Japan Tobacco facing EU probe over Syria
News On Japan via AFP -- Aug 22
Japan Tobacco said Wednesday it was being probed by the European Union after a report it broke sanctions by shipping cigarettes to a firm linked to the Syrian regime, but denied any wrongdoing.
Japan Tobacco (JT), which is 50 percent owned by the government, insisted its Geneva-based subsidiary JT International (JTI) had done nothing wrong amid claims it supplied a firm with family links to President Bashar al-Assad.
The Wall Street Journal, citing corporate documents, said a shipment by JTI in May 2011 went to a firm that was at least partly owned by the Makhlouf family at the time.

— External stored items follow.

text \<open>Pairing the terms \<open>j\<close> and \<open>j + k\<close> for \<open>k \<le> j < 2k\<close>: since \<open>Re (u^k) \<le> 0\<close>, each pair
  loses at least half of its smaller coefficient.\<close>
lemma norm_sum_le_pairing:
  fixes p :: "nat \<Rightarrow> real" and u :: complex
  assumes nonneg: "\<And>j. 0 \<le> p j" and antimono: "\<And>i j. 1 \<le> i \<Longrightarrow> i \<le> j \<Longrightarrow> p j \<le> p i"
    and k: "1 \<le> k" "3 * k \<le> m + 1" and u: "cmod u = 1" "Re (u ^ k) \<le> 0"
  shows "cmod (\<Sum>j=1..m. of_real (p j) * u ^ j) \<le> (\<Sum>j=1..m. p j) - (\<Sum>j=k..<2*k. p (j + k)) / 2"
proof -
  define R where "R = {1..m} - {k..<3*k}"
  have split: "(\<Sum>j=1..m. f j) = (\<Sum>j=k..<2*k. f j + f (j + k)) + (\<Sum>j\<in>R. f j)"
    for f :: "nat \<Rightarrow> 'a::comm_monoid_add"
  proof -
    have "{1..m} = ({k..<2*k} \<union> {2*k..<3*k}) \<union> R" using k unfolding R_def by auto
    then have "(\<Sum>j=1..m. f j) = (\<Sum>j\<in>{k..<2*k} \<union> {2*k..<3*k}. f j) + (\<Sum>j\<in>R. f j)"
      by (simp only:) (rule sum.union_disjoint; auto simp: R_def)
    also have "(\<Sum>j\<in>{k..<2*k} \<union> {2*k..<3*k}. f j) = (\<Sum>j=k..<2*k. f j) + (\<Sum>j=2*k..<3*k. f j)"
      by (rule sum.union_disjoint) auto
    finally have "(\<Sum>j=1..m. f j) = (\<Sum>j=k..<2*k. f j) + (\<Sum>j=2*k..<3*k. f j) + (\<Sum>j\<in>R. f j)" .
    moreover have "(\<Sum>j=2*k..<3*k. f j) = (\<Sum>j=k..<2*k. f (j + k))"
      using sum.shift_bounds_nat_ivl[of f k k "2*k"] by (simp add: mult_2 numeral_3_eq_3 add.assoc)
    ultimately show ?thesis by (simp add: sum.distrib)
  qed
  have pair: "cmod (of_real (p j) * u ^ j + of_real (p (j + k)) * u ^ (j + k)) \<le> p j + p (j + k) / 2"
    if "j \<in> {k..<2*k}" for j
  proof -
    have "of_real (p j) * u ^ j + of_real (p (j + k)) * u ^ (j + k)
        = u ^ j * (of_real (p j) + of_real (p (j + k)) * u ^ k)"
      by (simp add: power_add algebra_simps)
    moreover have "cmod (of_real (p j) + of_real (p (j + k)) * u ^ k) \<le> p j + p (j + k) / 2"
      using that k nonneg u antimono[of j "j + k"] by (intro norm_add_mult_le_of_Re_nonpos) (auto simp: norm_power)
    ultimately show ?thesis using u by (simp add: norm_mult norm_power)
  qed
  have "cmod (\<Sum>j=1..m. of_real (p j) * u ^ j)
      \<le> (\<Sum>j=k..<2*k. cmod (of_real (p j) * u ^ j + of_real (p (j + k)) * u ^ (j + k)))
        + (\<Sum>j\<in>R. cmod (of_real (p j) * u ^ j))"
    unfolding split[of "\<lambda>j. of_real (p j) * u ^ j"]
    by (intro order_trans[OF norm_triangle_ineq] add_mono norm_sum)
  also have "\<dots> \<le> (\<Sum>j=k..<2*k. p j + p (j + k) / 2) + (\<Sum>j\<in>R. p j)"
    using pair nonneg u by (intro add_mono sum_mono) (auto simp: norm_mult norm_power)
  also have "\<dots> = (\<Sum>j=1..m. p j) - (\<Sum>j=k..<2*k. p (j + k)) / 2"
    unfolding split[of p] by (simp add: sum.distrib sum_divide_distrib[symmetric])
  finally show ?thesis .
qed

lemma cmod_le_one_if_Im_sq_le:
  assumes "0 \<le> Re z" "Re z \<le> 1" "(Im z)^2 \<le> 1 - Re z"
  shows "cmod z \<le> 1"
proof -
  have "(cmod z)^2 \<le> (Re z)^2 + (1 - Re z)" using assms(3) by (simp add: cmod_power2)
  also have "\<dots> \<le> 1" using assms(1,2) mult_left_mono[of "Re z" 1 "Re z"] by (simp add: power2_eq_square)
  finally show ?thesis by (simp add: abs_square_le_1)
qed

lemma obtain_nat_mult_between_quarter_half:
  fixes x :: real
  assumes "0 < x" "x \<le> 1/2"
  obtains k :: nat where "1 \<le> k" "1/4 \<le> real k * x" "real k * x \<le> 1/2"
proof
  define k where "k = nat \<lfloor>1 / (2 * x)\<rfloor>"
  have ge1: "1 \<le> 1 / (2 * x)" using assms by (simp add: field_simps)
  then have k_le: "real k \<le> 1 / (2 * x)" and k_gt: "1 / (2 * x) - 1 < real k"
    unfolding k_def by linarith+
  from k_gt ge1 have "0 < real k" by linarith
  then show "1 \<le> k" by simp
  show "real k * x \<le> 1/2" using k_le assms by (simp add: field_simps)
  show "1/4 \<le> real k * x"
  proof (cases "x \<le> 1/4")
    case True
    have "1/2 - x = (1 / (2 * x) - 1) * x" using assms by (simp add: field_simps)
    also have "\<dots> \<le> real k * x" using k_gt assms by (intro mult_right_mono) auto
    finally show ?thesis using True by linarith
  next
    case False
    have "1 * x \<le> real k * x" using \<open>1 \<le> k\<close> assms by (intro mult_right_mono) auto
    then show ?thesis using False by linarith
  qed
qed

lemma Re_cis_power_nonpos:
  assumes "1/4 \<le> real k * \<bar>t\<bar>" "real k * \<bar>t\<bar> \<le> 1/2"
  shows "Re (cis (2 * pi * t) ^ k) \<le> 0"
proof -
  have "Re (cis (2 * pi * t) ^ k) = cos (real k * (2 * pi * t))"
    unfolding Complex.DeMoivre by simp
  also have "\<dots> = cos (2 * pi * (real k * \<bar>t\<bar>))"
    by (cases "0 \<le> t") (simp_all add: algebra_simps)
  also have "\<dots> \<le> cos (pi / 2)"
    using assms by (intro cos_monotone_0_pi_le) (auto simp: field_simps)
  finally show ?thesis by simp
qed
lemma cyc_factor_nth_self:
  assumes "j > 0"
  shows "cyc_factor j k $ j = - of_int k"
proof -
  have u: "(1 - fps_X ^ j :: rat fps) $ 0 = 1" "(1 - fps_X ^ j :: rat fps) $ j = - 1"
    and v: "(fps_geometric j :: rat fps) $ 0 = 1" "(fps_geometric j :: rat fps) $ j = 1"
    using assms by (simp_all add: fps_geometric_def)
  show ?thesis
    using fps_power_nth_multiples[OF fps_support_one_minus_fps_X_power assms u(1)]
      fps_power_nth_multiples[OF fps_support_geometric assms v(1)] u(2) v(2) assms
    by (simp add: cyc_factor_altdef of_nat_nat)
qed

lemma cyc_factor_mult_nth_self:
  assumes "j > 0"
  shows "(cyc_factor j k * g) $ j = g $ j - of_int k * g $ 0"
  using fps_mult_nth_multiples[OF fps_support_cyc_factor[OF assms] assms, of k g] assms
  by (simp add: cyc_factor_nth_0 cyc_factor_nth_self)

lemma prod_cyc_factor_nth_0: "0 \<notin> K \<Longrightarrow> (\<Prod>j\<in>K. cyc_factor j (k j)) $ 0 = 1"
  by (induction K rule: infinite_finite_induct) (auto simp: cyc_factor_nth_0)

The EU and the US say the Makhloufs, who are first cousins of Assad, are partially bankrolling the president's crackdown on the uprising in Syria.
The EU placed financial sanctions on Rami Makhlouf, the scion of the family, as well as on his brothers Iyad and Ihab, on May 23, 2011, for their alleged role in helping to finance Assad's actions.
Just four days later, JTI used a distributor based in Cyprus to deliver 450,000 cartons of cigarettes to Syria Duty Free Shops, a company JTI acknowledges was then at least partly owned by Makhlouf, the paper said.
JTI also delivered 4.2 million cartons of Winston cigarettes to Syria's state-owned tobacco company in May 2011, the report said.
The paper cited dissidents as claiming that cigarettes are used as a form of payment to irregular military forces by the regime.